Christ Centered Marriage

In H. Wallace Goddard’s book “Drawing Heaven into Your Marriage” he says “the key to surviving and enjoying marriage are found in the gospel of Jesus Christ“. Dr Goddard continues to talk about how the principle of the Gospel of Jesus Christ can benefit a marriage and life, and when we apply the gospel into our marriage we can grow together. I love that in his quote he mentions surviving and enjoying. Marriage is hard but it is also meant to be a joyous experience. I think marriage is seen as work and no fun. But that is not want God intended marriage to be. Dr Gottman also speaks about marriages in his book “the Seven Principles for Making Marriage Work“. He talks about that marriage is meant to be a place where two couples not only “get along” but build a life together where “they support each other’s hopes and aspirations and build a sense of purpose into their lives together“. Elder Wirthlin gave a talk where he shared a story of an older couple. The husband knew his wife’s needs and desires, and when she could no longer fulfill them, he did it for her. He showed that he had great love for his wife. Elder Wirthlin continues to share about true love in his quote “Sometimes the greatest love is not found in the dramatic scenes that poets and writers immortalize. Often, the greatest manifestations of love are the simple acts of kindness and caring we extend to those we meet along the path of life.” When we have a Christ centered home it is remembering the deep friendship we have with our spouse and showing small acts of kindness so they know we care and we care about the little things.

Know your priorities

In the summer of 2016, I moved in with my sister and her family. At the time she had three children at the ages of 4, 2 and newborn. On my day off from work I decided to go to the temple. As I was getting ready and about to leave my 4 year old nephew asked me where I was going. I told him I was going to the temple. He replied “because you’re not married yet?”. I just about died of laughter!

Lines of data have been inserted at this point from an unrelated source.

theorem proposition2p4:
  fixes X :: "'a::metric_space set" and f :: "nat \<Rightarrow> 'a \<Rightarrow> 'a"
    and a :: "nat \<Rightarrow> nat" and \<alpha> :: "nat \<Rightarrow> 'a set set"
  assumes "compact X"
    and "\<And>n. continuous_on X (f n)" and "\<And>n. f n ` X \<subseteq> X"
    and "strict_mono_on {1..} a"
    and "\<And>n. open_cover X (\<alpha> n)"
    and "(\<lambda>n. cover_diam (\<alpha> n)) \<longlonglongrightarrow> 0"
  shows "(\<lambda>n. hA_cover X f a (\<alpha> n)) \<longlonglongrightarrow> hA X f a
    \<and> ((\<lambda>\<delta>. SUP \<beta>\<in>{\<beta>. open_cover X \<beta> \<and> cover_diam \<beta> < \<delta>}. hA_cover X f a \<beta>)
           \<longlongrightarrow> hA X f a) (at_right 0)"
proof
  \<comment> \<open>The argument works for any sequence \<open>a\<close>.\<close>
  show lim: "(\<lambda>n. hA_cover X f a (\<alpha> n)) \<longlonglongrightarrow> hA X f a"
    using assms(1-3,5,6) by (rule hA_cover_tendsto_hA)
  let ?S = "\<lambda>\<delta>. SUP \<beta>\<in>{\<beta>. open_cover X \<beta> \<and> cover_diam \<beta> < \<delta>}. hA_cover X f a \<beta>"
  show "(?S \<longlongrightarrow> hA X f a) (at_right 0)"
  proof (rule order_tendstoI)
    fix y assume "y < hA X f a"
    have S_gt: "y < ?S \<delta>" if "\<delta> > 0" for \<delta> :: real
    proof -
      have "eventually (\<lambda>n. cover_diam (\<alpha> n) < \<delta> \<and> y < hA_cover X f a (\<alpha> n)) sequentially"
        using order_tendstoD(2)[OF assms(6) \<open>\<delta> > 0\<close>] order_tendstoD(1)[OF lim \<open>y < hA X f a\<close>]
        by (rule eventually_conj)
      then obtain n where "cover_diam (\<alpha> n) < \<delta>" "y < hA_cover X f a (\<alpha> n)"
        using eventually_happens'[OF sequentially_bot] by blast
      with assms(5) show ?thesis
        unfolding less_SUP_iff by blast
    qed
    show "eventually (\<lambda>\<delta>. y < ?S \<delta>) (at_right 0)"
      using eventually_at_right_less S_gt by (rule eventually_mono)
  next
    fix y assume "hA X f a < y"
    moreover have "?S \<delta> \<le> hA X f a" for \<delta>
    proof (rule SUP_least)
      fix \<beta> assume "\<beta> \<in> {\<beta>. open_cover X \<beta> \<and> cover_diam \<beta> < \<delta>}"
      then show "hA_cover X f a \<beta> \<le> hA X f a"
        using assms(1-3) by (intro hA_cover_le_hA) auto
    qed
    ultimately show "eventually (\<lambda>\<delta>. ?S \<delta> < y) (at_right 0)"
      by (intro always_eventually allI) (blast intro: le_less_trans)
  qed
qed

I share this experience because as I was reading “What I hope you would teach your children about  the temple” By Ezra Taft Benson he talks about how many times parents shy from teaching their children about the importance of covenant marriage because of the sacred nature of the temple ordinances. I thought about that experience and found it sweet that with such a young mind he knew that temples are where you get married. My sister showed the importance of the temple and marriages by letting her son know that is where you marry to be sealed for all time and eternity.

But what is special of a covenant marriage in the temple? In Bruce C. Hafen’s article “Covenant Marriage” he shares his view of the difference between a covenant and a contract marriage between partners. “Contract companions each give 50 percent; covenant companions each give 100 percent“. In Heleman 5:12 we learn that Satan will send “mighty winds” to knock us off our foundation, but a covenant marriage is built on Christ and from the scripture we can understand that he can not knock us off as long as we stay firm to our covenants.

Prior to returning home form my mission, my mission president and his wife gave us leaving missionaries a fireside. One of the statements made was when picking a spouse make sure he/she had their priorities straight. The priority list is as follows “first the lord, second your spouse, and third your children”. When I think about having a covenant marriage I think about how I need to follow Christ and seek his kingdom first. Joseph Fielding Smith in his address “Fullness of the Priesthood” he says “There is nothing in all this world as important to each of us as putting first in our lives the things of God’s kingdom, as keeping the commandments, as magnifying our callings in the priesthood, as going to the house of the Lord and being offered the fullness of the blessings of our Father’s kingdom.” I know that when we put Christ first in our lives that our marriage and our family will be blessed and we will be able to withstand the storm Satan WILL send. Satan will not stop trying to knock us down.